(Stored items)
*** Begin section ***
(* Consider the FlexGT/Acc-FlexGT recursion in the context, and suppose (S), (V), (G) hold. If $\gamma\le\frac{1}{4\beta L}$, then for all $k\ge0$, $$\mathbb{E}\|\tilde{\mathbf x}_{\beta(k+1)}\|^2\le\frac{1+\bar\rho_W}{2}\mathbb{E}\|\tilde{\mathbf x}_{\beta k}\|^2+\frac{4\gamma^2\beta^2\bar\rho_W}{1-\bar\rho_W}\mathbb{E}\|\tilde{\mathbf y}_{\beta k}\|^2+\frac{8n\gamma^2\beta^2\bar\rho_W}{1-\bar\rho_W}\sigma^2 .$$
   Context: Problem: $n$ nodes, each with $f_i(x)=\mathbb{E}_{\xi_i\sim\mathcal D_i}[f_i(x;\xi_i)]$ on $\mathbb{R}^p$, $f=\frac1n\sum_i f_i$. Stochastic oracle: unbiased $\nabla f_i(x;\xi_i)$, independent samples across nodes and iterations. Assumptions: (S) each $f_i$ has $L$-Lipschitz gradient. (V) $\mathbb{E}\|\nabla f_i(x;\xi_i)-\nabla f_i(x)\|^2\le\sigma^2$. (G) $W$ doubly stochastic, $\rho_W:=\|W-\mathbf J\|_2^2<1$, $\mathbf J=\mathbf 1\mathbf 1^\top/n$. Algorithm: integers $\alpha,\beta\ge1$, stepsize $\gamma>0$; $\bar W=W^\alpha$ (FlexGT) or $\bar W=M_\alpha$ (Acc-FlexGT) with $M_{-1}=M_0=I$, $M_{s+1}=(1+\eta)WM_s-\eta M_{s-1}$, $\eta=\frac{1-\sqrt{1-\rho_W}}{1+\sqrt{1-\rho_W}}$; $\bar\rho_W:=\|\bar W-\mathbf J\|_2^2$ (spectral norm), assumed $<1$. Iterates $\mathbf x_t,\mathbf y_t\in\mathbb{R}^{n\times p}$; snapshot $\mathbf z_t=\mathbf x_{\beta\lfloor t/\beta\rfloor}$; $\nabla G_t$ has rows $\nabla f_i(z_{i,t};\xi_{i,t})$ with fresh samples. $\mathbf y_0=\nabla G_0$. For round $k\ge0$, $j=0,\dots,\beta-2$: $\mathbf x_{\beta k+j+1}=\mathbf x_{\beta k+j}-\gamma\mathbf y_{\beta k+j}$, $\mathbf y_{\beta k+j+1}=\mathbf y_{\beta k+j}+\nabla G_{\beta k+j+1}-\nabla G_{\beta k+j}$; round end: $\mathbf x_{\beta(k+1)}=\bar W(\mathbf x_{\beta k}-\gamma\sum_{j=0}^{\beta-1}\mathbf y_{\beta k+j})$, $\mathbf y_{\beta(k+1)}=\bar W(\mathbf y_{\beta k}+\nabla G_{\beta(k+1)}-\nabla G_{\beta k})$. Notation: $\|\cdot\|$ Euclidean/Frobenius; $\bar x_t=\mathbf 1^\top\mathbf x_t/n$, $\tilde{\mathbf x}_t=\mathbf x_t-\mathbf 1\bar x_t$, $\bar y_t=\mathbf 1^\top\mathbf y_t/n$, $\tilde{\mathbf y}_t=\mathbf y_t-\mathbf 1\bar y_t$. *)

theory Defs
  imports "HOL-Analysis.Analysis" "HOL-Probability.Probability"
begin

text \<open>n x p matrices are represented as 'a ^ 'n (rows indexed by the finite type 'n, n = CARD('n),
  each row in the Euclidean space 'a = R^p).  The norm on 'a ^ 'n is the Frobenius norm.\<close>

definition Jmat :: "real ^ 'n ^ 'n" where
  "Jmat = (\<chi> i j. 1 / real CARD('n))"

definition doubly_stochastic :: "real ^ 'n ^ 'n \<Rightarrow> bool" where
  "doubly_stochastic W \<longleftrightarrow> (\<forall>i j. W $ i $ j \<ge> 0) \<and>
     (\<forall>i. (\<Sum>j\<in>UNIV. W $ i $ j) = 1) \<and> (\<forall>j. (\<Sum>i\<in>UNIV. W $ i $ j) = 1)"

definition spec_norm :: "real ^ 'n ^ 'n \<Rightarrow> real" where
  "spec_norm A = onorm (\<lambda>v. A *v v)"

definition rho :: "real ^ 'n ^ 'n \<Rightarrow> real" where
  "rho A = (spec_norm (A - Jmat))\<^sup>2"

primrec mat_pow :: "real ^ 'n ^ 'n \<Rightarrow> nat \<Rightarrow> real ^ 'n ^ 'n" where
  "mat_pow W 0 = mat 1"
| "mat_pow W (Suc k) = W ** mat_pow W k"

text \<open>Chebyshev-accelerated gossip: M_{-1} = M_0 = I, M_{s+1} = (1+eta) W M_s - eta M_{s-1}\<close>
fun acc_mat :: "real ^ 'n ^ 'n \<Rightarrow> real \<Rightarrow> nat \<Rightarrow> real ^ 'n ^ 'n" where
  "acc_mat W \<eta> 0 = mat 1"
| "acc_mat W \<eta> (Suc 0) = (1 + \<eta>) *\<^sub>R (W ** mat 1) - \<eta> *\<^sub>R mat 1"
| "acc_mat W \<eta> (Suc (Suc s)) = (1 + \<eta>) *\<^sub>R (W ** acc_mat W \<eta> (Suc s)) - \<eta> *\<^sub>R acc_mat W \<eta> s"

definition acc_eta :: "real ^ 'n ^ 'n \<Rightarrow> real" where
  "acc_eta W = (1 - sqrt (1 - rho W)) / (1 + sqrt (1 - rho W))"

definition mix :: "real ^ 'n ^ 'n \<Rightarrow> 'a::real_vector ^ 'n \<Rightarrow> 'a ^ 'n" where
  "mix A X = (\<chi> i. \<Sum>j\<in>UNIV. A $ i $ j *\<^sub>R X $ j)"

definition avg :: "'a::real_vector ^ 'n \<Rightarrow> 'a" where
  "avg X = (1 / real CARD('n)) *\<^sub>R (\<Sum>i\<in>UNIV. X $ i)"

definition tilde :: "'a::real_vector ^ 'n \<Rightarrow> 'a ^ 'n" where
  "tilde X = X - (\<chi> i. avg X)"

definition stoch_grad ::
  "('n \<Rightarrow> 'a \<Rightarrow> 's \<Rightarrow> 'a) \<Rightarrow> (nat \<Rightarrow> 'n \<Rightarrow> 'w \<Rightarrow> 's) \<Rightarrow> nat \<Rightarrow> 'a ^ 'n \<Rightarrow> 'w \<Rightarrow> 'a ^ 'n" where
  "stoch_grad g \<xi> t Z \<omega> = (\<chi> i. g i (Z $ i) (\<xi> t i \<omega>))"

text \<open>FlexGT iterates (x_t, y_t, z_t) for a fixed outcome omega, with z_t = x_{beta floor(t/beta)}.\<close>
fun flexgt ::
  "real ^ 'n ^ 'n \<Rightarrow> real \<Rightarrow> nat \<Rightarrow> ('n \<Rightarrow> 'a::real_vector \<Rightarrow> 's \<Rightarrow> 'a) \<Rightarrow>
   (nat \<Rightarrow> 'n \<Rightarrow> 'w \<Rightarrow> 's) \<Rightarrow> 'a ^ 'n \<Rightarrow> 'w \<Rightarrow> nat \<Rightarrow> (('a ^ 'n) \<times> ('a ^ 'n) \<times> ('a ^ 'n))" where
  "flexgt Wb \<gamma> \<beta> g \<xi> x0 \<omega> 0 = (x0, stoch_grad g \<xi> 0 x0 \<omega>, x0)"
| "flexgt Wb \<gamma> \<beta> g \<xi> x0 \<omega> (Suc t) =
     (case flexgt Wb \<gamma> \<beta> g \<xi> x0 \<omega> t of (x, y, z) \<Rightarrow>
       (if Suc t mod \<beta> = 0 then
          (let x' = mix Wb (x - \<gamma> *\<^sub>R y)
           in (x', mix Wb (y + stoch_grad g \<xi> (Suc t) x' \<omega> - stoch_grad g \<xi> t z \<omega>), x'))
        else
          (x - \<gamma> *\<^sub>R y, y + stoch_grad g \<xi> (Suc t) z \<omega> - stoch_grad g \<xi> t z \<omega>, z)))"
*** End section ***
What is expected: Report, using only a number, how many lines above hold the word "with".

Task solution: 2